_EXERCISE REQUIREMENTS_:
Transcribe all the data, leaving each word as it is.

[Stored data]
lemma balanced_insert_pendant:
  assumes "T \<subseteq> E" "e \<in> T" "ends e = {w, z}" "w \<noteq> z" "deg T w = 1"
    and bal: "balanced (T - {e}) A" and lighter: "deg A z \<le> deg (T - {e} - A) z"
  shows "balanced T (insert e A)"
proof -
  let ?T' = "T - {e}" and ?B = "T - {e} - A"
  have T': "?T' \<subseteq> E" using assms(1) by blast
  have A: "A \<subseteq> ?T'" "A \<subseteq> E" using bal assms(1) unfolding balanced_def by auto
  have deg_T: "deg T v = deg ?T' v + (if v \<in> ends e then 1 else 0)" for v
    using deg_insert[OF T', of e v] assms(2) by (simp add: insert_absorb)
  have deg_T': "deg ?T' v = deg A v + deg ?B v" for v
    using deg_split[OF T' A(1)] .
  have deg_insert_A: "deg (insert e A) v = deg A v + (if v \<in> ends e then 1 else 0)" for v
    using deg_insert[OF A(2), of e v] A(1) by blast
  have "deg ?T' w = 0" using deg_T[of w] assms(3,5) by simp
  have "2 * deg (insert e A) v \<le> deg T v + 1 \<and> 2 * deg (T - insert e A) v \<le> deg T v + 1" for v
  proof -
    have "T - insert e A = ?B" by blast
    moreover have "2 * deg A v \<le> deg ?T' v + 1" "2 * deg ?B v \<le> deg ?T' v + 1"
      using bal unfolding balanced_def by auto
    moreover have "v \<in> ends e \<longleftrightarrow> v = w \<or> v = z" using assms(3) by blast
    ultimately show ?thesis
      using deg_T[of v] deg_T'[of v] deg_insert_A[of v] \<open>deg ?T' w = 0\<close> deg_T'[of w] lighter assms(4)
      by auto
  qed
  then show ?thesis using A assms(2) unfolding balanced_def by auto
qed

lemma cycle_free_balanced:
  assumes "T \<subseteq> E" "cycle_free T"
  obtains A where "balanced T A"
  using assms
proof (induction "card T" arbitrary: T thesis rule: less_induct)
  case less
  show ?case
  proof (cases "T = {}")
    case True
    then show ?thesis using less.prems(1)[of "{}"] unfolding balanced_def deg_def by simp
  next
    case False
    obtain w where w: "deg T w = 1" using leaf_if_cycle_free[OF less.prems(2) False less.prems(3)] .
    obtain e where e: "e \<in> T" "w \<in> ends e" using deg_eq_1E[OF w] by metis
    obtain z where z: "ends e = {w, z}" "w \<noteq> z" using other_end e less.prems(2) by (metis subsetD)
    have "cycle_free (T - {e})" using less.prems(3) unfolding cycle_free_def by blast
    then obtain A where A: "balanced (T - {e}) A"
      using less.hyps[of "T - {e}"] less.prems(2) e(1) finite_if_subset_edges card_Diff1_less
      by (metis Diff_subset subset_trans)
    show ?thesis
    proof (cases "deg A z \<le> deg (T - {e} - A) z")
      case True
      then show ?thesis
        using balanced_insert_pendant[OF less.prems(2) e(1) z(1,2) w A] less.prems(1) by blast
    next
      case False
      have "balanced (T - {e}) (T - {e} - A)" using balanced_Diff[OF A] .
      moreover have "T - {e} - (T - {e} - A) = A" using A unfolding balanced_def by blast
      ultimately show ?thesis
        using balanced_insert_pendant[OF less.prems(2) e(1) z(1,2) w] False less.prems(1) by force
    qed
  qed
qed

lemma cycle_free_large_half:
  assumes "T \<subseteq> E" "cycle_free T"
  obtains P where "P \<subseteq> T" "card T \<le> 2 * card P" "\<And>v. 2 * deg P v \<le> deg T v + 1"
proof -
  obtain A where A: "balanced T A" using cycle_free_balanced[OF assms] .
  have "finite T" using assms(1) finite_if_subset_edges by blast
  then have "card T = card A + card (T - A)"
    using A unfolding balanced_def by (metis card_Diff_subset card_mono le_add_diff_inverse finite_subset)
  then show ?thesis
    using that[of A] that[of "T - A"] A balanced_Diff[OF A] unfolding balanced_def
    by (cases "card (T - A) \<le> card A") auto
qed

lemma nu_attained:
  obtains F where "F \<subseteq> E" "edge_colorable ends k F" "card F = nu E ends k"
proof -
  let ?S = "{card F | F. F \<subseteq> E \<and> edge_colorable ends k F}"
  have "?S \<subseteq> card ` Pow E" by blast
  then have "finite ?S" using finite_edges finite_subset by blast
  moreover have "edge_colorable ends k {}" unfolding edge_colorable_def by simp
  then have "0 \<in> ?S" by (metis (mono_tags, lifting) card.empty empty_subsetI mem_Collect_eq)
  ultimately have "nu E ends k \<in> ?S" unfolding nu_def by (intro Max_in) auto
  then show ?thesis using that by auto
qed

_THE COMPLETED TASK_:
lemma balanced_insert_pendant:
  assumes "T \<subseteq> E" "e \<in> T" "ends e = {w, z}" "w \<noteq> z" "deg T w = 1"
    and bal: "balanced (T - {e}) A" and lighter: "deg A z \<le> deg (T - {e} - A) z"
  shows "balanced T (insert e A)"
proof -
  let ?T' = "T - {e}" and ?B = "T - {e} - A"
  have T': "?T' \<subseteq> E" using assms(1) by blast
  have A: "A \<subseteq> ?T'" "A \<subseteq> E" using bal assms(1) unfolding balanced_def by auto
  have deg_T: "deg T v = deg ?T' v + (if v \<in> ends e then 1 else 0)" for v
    using deg_insert[OF T', of e v] assms(2) by (simp add: insert_absorb)
  have deg_T': "deg ?T' v = deg A v + deg ?B v" for v
    using deg_split[OF T' A(1)] .
  have deg_insert_A: "deg (insert e A) v = deg A v + (if v \<in> ends e then 1 else 0)" for v
    using deg_insert[OF A(2), of e v] A(1) by blast
  have "deg ?T' w = 0" using deg_T[of w] assms(3,5) by simp
  have "2 * deg (insert e A) v \<le> deg T v + 1 \<and> 2 * deg (T - insert e A) v \<le> deg T v + 1" for v
  proof -
    have "T - insert e A = ?B" by blast
    moreover have "2 * deg A v \<le> deg ?T' v + 1" "2 * deg ?B v \<le> deg ?T' v + 1"
      using bal unfolding balanced_def by auto
    moreover have "v \<in> ends e \<longleftrightarrow> v = w \<or> v = z" using assms(3) by blast
    ultimately show ?thesis
      using deg_T[of v] deg_T'[of v] deg_insert_A[of v] \<open>deg ?T' w = 0\<close> deg_T'[of w] lighter assms(4)
      by auto
  qed
  then show ?thesis using A assms(2) unfolding balanced_def by auto
qed

lemma cycle_free_balanced:
  assumes "T \<subseteq> E" "cycle_free T"
  obtains A where "balanced T A"
  using assms
proof (induction "card T" arbitrary: T thesis rule: less_induct)
  case less
  show ?case
  proof (cases "T = {}")
    case True
    then show ?thesis using less.prems(1)[of "{}"] unfolding balanced_def deg_def by simp
  next
    case False
    obtain w where w: "deg T w = 1" using leaf_if_cycle_free[OF less.prems(2) False less.prems(3)] .
    obtain e where e: "e \<in> T" "w \<in> ends e" using deg_eq_1E[OF w] by metis
    obtain z where z: "ends e = {w, z}" "w \<noteq> z" using other_end e less.prems(2) by (metis subsetD)
    have "cycle_free (T - {e})" using less.prems(3) unfolding cycle_free_def by blast
    then obtain A where A: "balanced (T - {e}) A"
      using less.hyps[of "T - {e}"] less.prems(2) e(1) finite_if_subset_edges card_Diff1_less
      by (metis Diff_subset subset_trans)
    show ?thesis
    proof (cases "deg A z \<le> deg (T - {e} - A) z")
      case True
      then show ?thesis
        using balanced_insert_pendant[OF less.prems(2) e(1) z(1,2) w A] less.prems(1) by blast
    next
      case False
      have "balanced (T - {e}) (T - {e} - A)" using balanced_Diff[OF A] .
      moreover have "T - {e} - (T - {e} - A) = A" using A unfolding balanced_def by blast
      ultimately show ?thesis
        using balanced_insert_pendant[OF less.prems(2) e(1) z(1,2) w] False less.prems(1) by force
    qed
  qed
qed

lemma cycle_free_large_half:
  assumes "T \<subseteq> E" "cycle_free T"
  obtains P where "P \<subseteq> T" "card T \<le> 2 * card P" "\<And>v. 2 * deg P v \<le> deg T v + 1"
proof -
  obtain A where A: "balanced T A" using cycle_free_balanced[OF assms] .
  have "finite T" using assms(1) finite_if_subset_edges by blast
  then have "card T = card A + card (T - A)"
    using A unfolding balanced_def by (metis card_Diff_subset card_mono le_add_diff_inverse finite_subset)
  then show ?thesis
    using that[of A] that[of "T - A"] A balanced_Diff[OF A] unfolding balanced_def
    by (cases "card (T - A) \<le> card A") auto
qed

lemma nu_attained:
  obtains F where "F \<subseteq> E" "edge_colorable ends k F" "card F = nu E ends k"
proof -
  let ?S = "{card F | F. F \<subseteq> E \<and> edge_colorable ends k F}"
  have "?S \<subseteq> card ` Pow E" by blast
  then have "finite ?S" using finite_edges finite_subset by blast
  moreover have "edge_colorable ends k {}" unfolding edge_colorable_def by simp
  then have "0 \<in> ?S" by (metis (mono_tags, lifting) card.empty empty_subsetI mem_Collect_eq)
  ultimately have "nu E ends k \<in> ?S" unfolding nu_def by (intro Max_in) auto
  then show ?thesis using that by auto
qed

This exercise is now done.